What makes things humorous? The answer: benign violations.

Something needs to threaten your sense of how things should be while also seeming safe, acceptable, or okay.

Both babies and non-human primates laugh when chased, tickled, or attacked in a safe and friendly way. As any slapstick comedian knows, physical threats, like an assault with a banana cream pie, similarly elicits laughter in adults.

As humans evolved and developed culture, language, logic, and a sense of self, people could experience threat, and sometimes humorous reactions to a wider range of situations. Thus, humor transcends physical gags to include violations related to social norms (think fart jokes), logic (think absurdities), communication norms (think sarcasm), and identity (think insult roasts).

Of course, violations do not usually make people laugh.
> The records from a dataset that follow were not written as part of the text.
lemma Gf_alpha_tendsto:
  "(\<lambda>n. logplus (max (rpow (norm (orbit n z)) (max \<alpha> 0)) (norm (Qit p q n z w))) / real d ^ n)
     \<longlonglongrightarrow> G z w"
proof (rule tendsto_logplus_max_G)
  show "(\<lambda>n. logplus (rpow (norm (orbit n z)) (max \<alpha> 0)) / real d ^ n) \<longlonglongrightarrow> 0"
  proof (rule tendsto_sandwich[of "\<lambda>_. 0" _ _ "\<lambda>n. max \<alpha> 0 * (logplus (norm (orbit n z)) / real d ^ n)"])
    show "\<forall>\<^sub>F n in sequentially. logplus (rpow (norm (orbit n z)) (max \<alpha> 0)) / real d ^ n
        \<le> max \<alpha> 0 * (logplus (norm (orbit n z)) / real d ^ n)"
      using logplus_rpow_le[of _ "max \<alpha> 0"] d_gt_1
      by (intro always_eventually allI) (simp add: divide_right_mono)
    show "(\<lambda>n. max \<alpha> 0 * (logplus (norm (orbit n z)) / real d ^ n)) \<longlonglongrightarrow> 0"
      using tendsto_mult_left[OF orbit_logplus_ratio_tendsto_0, of "max \<alpha> 0" z] by simp
  qed (auto simp: logplus_nonneg)
qed

text \<open>On \<open>A\<^sub>p\<close>, dividing \<open>Q\<^sub>z\<^sup>n(w)\<close> by \<open>\<bar>p\<^sup>n(z)\<bar>\<^sup>\<alpha>\<close> changes \<open>log\<^sup>+\<close> by at most
  \<open>\<bar>\<alpha>\<bar> log \<bar>p\<^sup>n(z)\<bar> = o(d\<^sup>n)\<close>.\<close>
lemma G_alpha_tendsto:
  assumes z: "z \<in> escape_set p"
  shows "(\<lambda>n. logplus (norm (Qit p q n z w) / rpow (norm (orbit n z)) \<alpha>) / real d ^ n) \<longlonglongrightarrow> G z w"
proof (rule tendsto_logplus_divide)
  obtain R where R: "1 \<le> R" "\<And>x. R \<le> norm x \<Longrightarrow> 2 * norm x \<le> norm (poly p x)"
    using escape_radius by blast
  obtain N where N: "R \<le> norm (orbit N z)" using escape_set_iff[OF R] z less_imp_le by blast
  have large: "eventually (\<lambda>n. 1 \<le> norm (orbit n z)) sequentially"
    using orbit_stays_beyond[OF R N] R(1) by (auto simp: eventually_sequentially intro: order.trans)
  then show "eventually (\<lambda>n. 0 < rpow (norm (orbit n z)) \<alpha>) sequentially"
    by eventually_elim (auto simp: rpow_def)
  have eq: "eventually (\<lambda>n. \<alpha> * (logplus (norm (orbit n z)) / real d ^ n)
      = ln (rpow (norm (orbit n z)) \<alpha>) / real d ^ n) sequentially"
    using large by eventually_elim (auto simp: rpow_def ln_powr logplus_eq_ln)
  have "(\<lambda>n. \<alpha> * (logplus (norm (orbit n z)) / real d ^ n)) \<longlonglongrightarrow> \<alpha> * 0"
    by (intro tendsto_mult_left orbit_logplus_ratio_tendsto_0)
  from Lim_transform_eventually[OF this eq]
  show "(\<lambda>n. ln (rpow (norm (orbit n z)) \<alpha>) / real d ^ n) \<longlonglongrightarrow> 0" by simp
qed (use F_tendsto_G d_gt_1 in \<open>auto simp: F_def\<close>)

end

theorem corollary5p5:
  fixes p :: "complex poly" and q :: "complex poly poly" and \<delta> d \<gamma> :: nat
  assumes p_monic: "lead_coeff p = 1" and p_deg: "degree p = \<delta>" and \<delta>_ge: "\<delta> \<ge> 2"
    and q_deg: "degree q = d" and d_ge: "d \<ge> 2"
    and b_monic: "lead_coeff (lead_coeff q) = 1" and b_deg: "degree (lead_coeff q) = \<gamma>"
    and \<delta>_lt: "\<delta> < d" and \<gamma>_ge: "\<gamma> \<ge> 1"
  defines "\<alpha> \<equiv> alpha_exp p q"
  shows "\<exists>G Gf Gfa :: complex \<Rightarrow> complex \<Rightarrow> real.
     (\<forall>z w. (\<lambda>n. logplus (cmod (Qit p q n z w)) / real d ^ n) \<longlonglongrightarrow> G z w)
   \<and> continuous_on (escape_set p \<times> UNIV) (\<lambda>(z, w). G z w)
   \<and> plurisubharmonic_on (escape_set p \<times> UNIV) (\<lambda>(z, w). G z w)
   \<and> (\<forall>z w. (\<lambda>n. logplus (max (cmod ((poly p ^^ n) z)) (cmod (Qit p q n z w))) / real d ^ n)
               \<longlonglongrightarrow> Gf z w)
   \<and> (\<forall>z w. (\<lambda>n. logplus (max (rpow (cmod ((poly p ^^ n) z)) (max \<alpha> 0)) (cmod (Qit p q n z w)))
                    / real d ^ n) \<longlonglongrightarrow> Gfa z w)
   \<and> (\<forall>z w. G z w = Gf z w \<and> G z w = Gfa z w)
   \<and> (\<forall>z\<in>escape_set p. \<forall>w.
        (\<lambda>n. logplus (cmod (Qit p q n z w) / rpow (cmod ((poly p ^^ n) z)) \<alpha>) / real d ^ n)
          \<longlonglongrightarrow> G z w)"
proof -
  interpret skew_product p q \<delta> d \<gamma>
    using p_monic p_deg \<delta>_ge q_deg d_ge b_monic b_deg \<delta>_lt \<gamma>_ge by unfold_locales
  show ?thesis unfolding \<alpha>_def
  proof (intro exI[of _ G] conjI allI ballI refl)
    show "(\<lambda>n. logplus (cmod (Qit p q n z w)) / real d ^ n) \<longlonglongrightarrow> G z w" for z w
      using F_tendsto_G[of z w] by (simp add: F_def)
  qed (simp_all add: continuous_on_G plurisubharmonic_G Gf_tendsto Gf_alpha_tendsto G_alpha_tendsto)
qed

end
They make people angry, disgusted or confused. For a violation to be funny, it also needs to seem safe, acceptable, or okay.

Many things make a violation benign:

  • a playful state of mind
  • cues that a situation is okay
  • a reason why the situation is acceptable
  • feeling that a situation is far away
  • or, a low commitment to what is threatened

The theory also explains the two ways humor attempts can fail. Sometimes there is no violation. You can’t tickle yourself because there is not threat of attack. Other times, there is nothing benign. You are not likely to laugh when tickled by a creepy stranger.

Laughter only occurs when something is both wrong and okay.